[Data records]
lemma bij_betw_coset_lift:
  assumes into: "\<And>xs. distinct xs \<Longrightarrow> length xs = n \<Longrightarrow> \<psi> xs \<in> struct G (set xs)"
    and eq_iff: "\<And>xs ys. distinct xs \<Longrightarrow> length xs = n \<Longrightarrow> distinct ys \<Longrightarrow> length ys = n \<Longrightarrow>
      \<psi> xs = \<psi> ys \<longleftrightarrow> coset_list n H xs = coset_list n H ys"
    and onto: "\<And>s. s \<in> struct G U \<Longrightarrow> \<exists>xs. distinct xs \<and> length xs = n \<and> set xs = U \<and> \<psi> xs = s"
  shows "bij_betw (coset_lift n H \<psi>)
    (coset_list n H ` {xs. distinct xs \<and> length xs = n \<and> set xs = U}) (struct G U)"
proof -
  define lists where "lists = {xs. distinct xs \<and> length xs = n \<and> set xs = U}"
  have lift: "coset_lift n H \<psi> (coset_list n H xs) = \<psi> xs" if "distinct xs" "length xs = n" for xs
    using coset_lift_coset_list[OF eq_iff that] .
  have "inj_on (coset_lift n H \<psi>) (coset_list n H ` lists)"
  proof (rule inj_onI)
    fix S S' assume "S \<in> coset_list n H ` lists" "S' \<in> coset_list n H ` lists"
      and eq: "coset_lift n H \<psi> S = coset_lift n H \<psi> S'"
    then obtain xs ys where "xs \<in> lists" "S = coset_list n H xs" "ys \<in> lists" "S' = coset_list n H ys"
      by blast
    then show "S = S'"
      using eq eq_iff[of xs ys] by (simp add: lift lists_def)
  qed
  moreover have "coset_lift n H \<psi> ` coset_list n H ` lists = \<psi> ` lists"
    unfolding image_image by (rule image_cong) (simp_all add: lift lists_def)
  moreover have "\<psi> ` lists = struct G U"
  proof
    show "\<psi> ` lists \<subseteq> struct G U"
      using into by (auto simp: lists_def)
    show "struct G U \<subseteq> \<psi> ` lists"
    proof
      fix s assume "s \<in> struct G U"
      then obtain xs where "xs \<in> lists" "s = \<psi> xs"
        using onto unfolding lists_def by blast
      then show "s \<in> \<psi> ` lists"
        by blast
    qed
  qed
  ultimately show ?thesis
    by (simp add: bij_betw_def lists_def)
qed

### EXERCISE
Going back to the entries above, set down exactly the lines that begin at the one with "unfolding image_image by" and end at the one with "using into by (auto simp: lists_def)", both included, and nothing else.

### RESULT
    unfolding image_image by (rule image_cong) (simp_all add: lift lists_def)
  moreover have "\<psi> ` lists = struct G U"
  proof
    show "\<psi> ` lists \<subseteq> struct G U"
      using into by (auto simp: lists_def)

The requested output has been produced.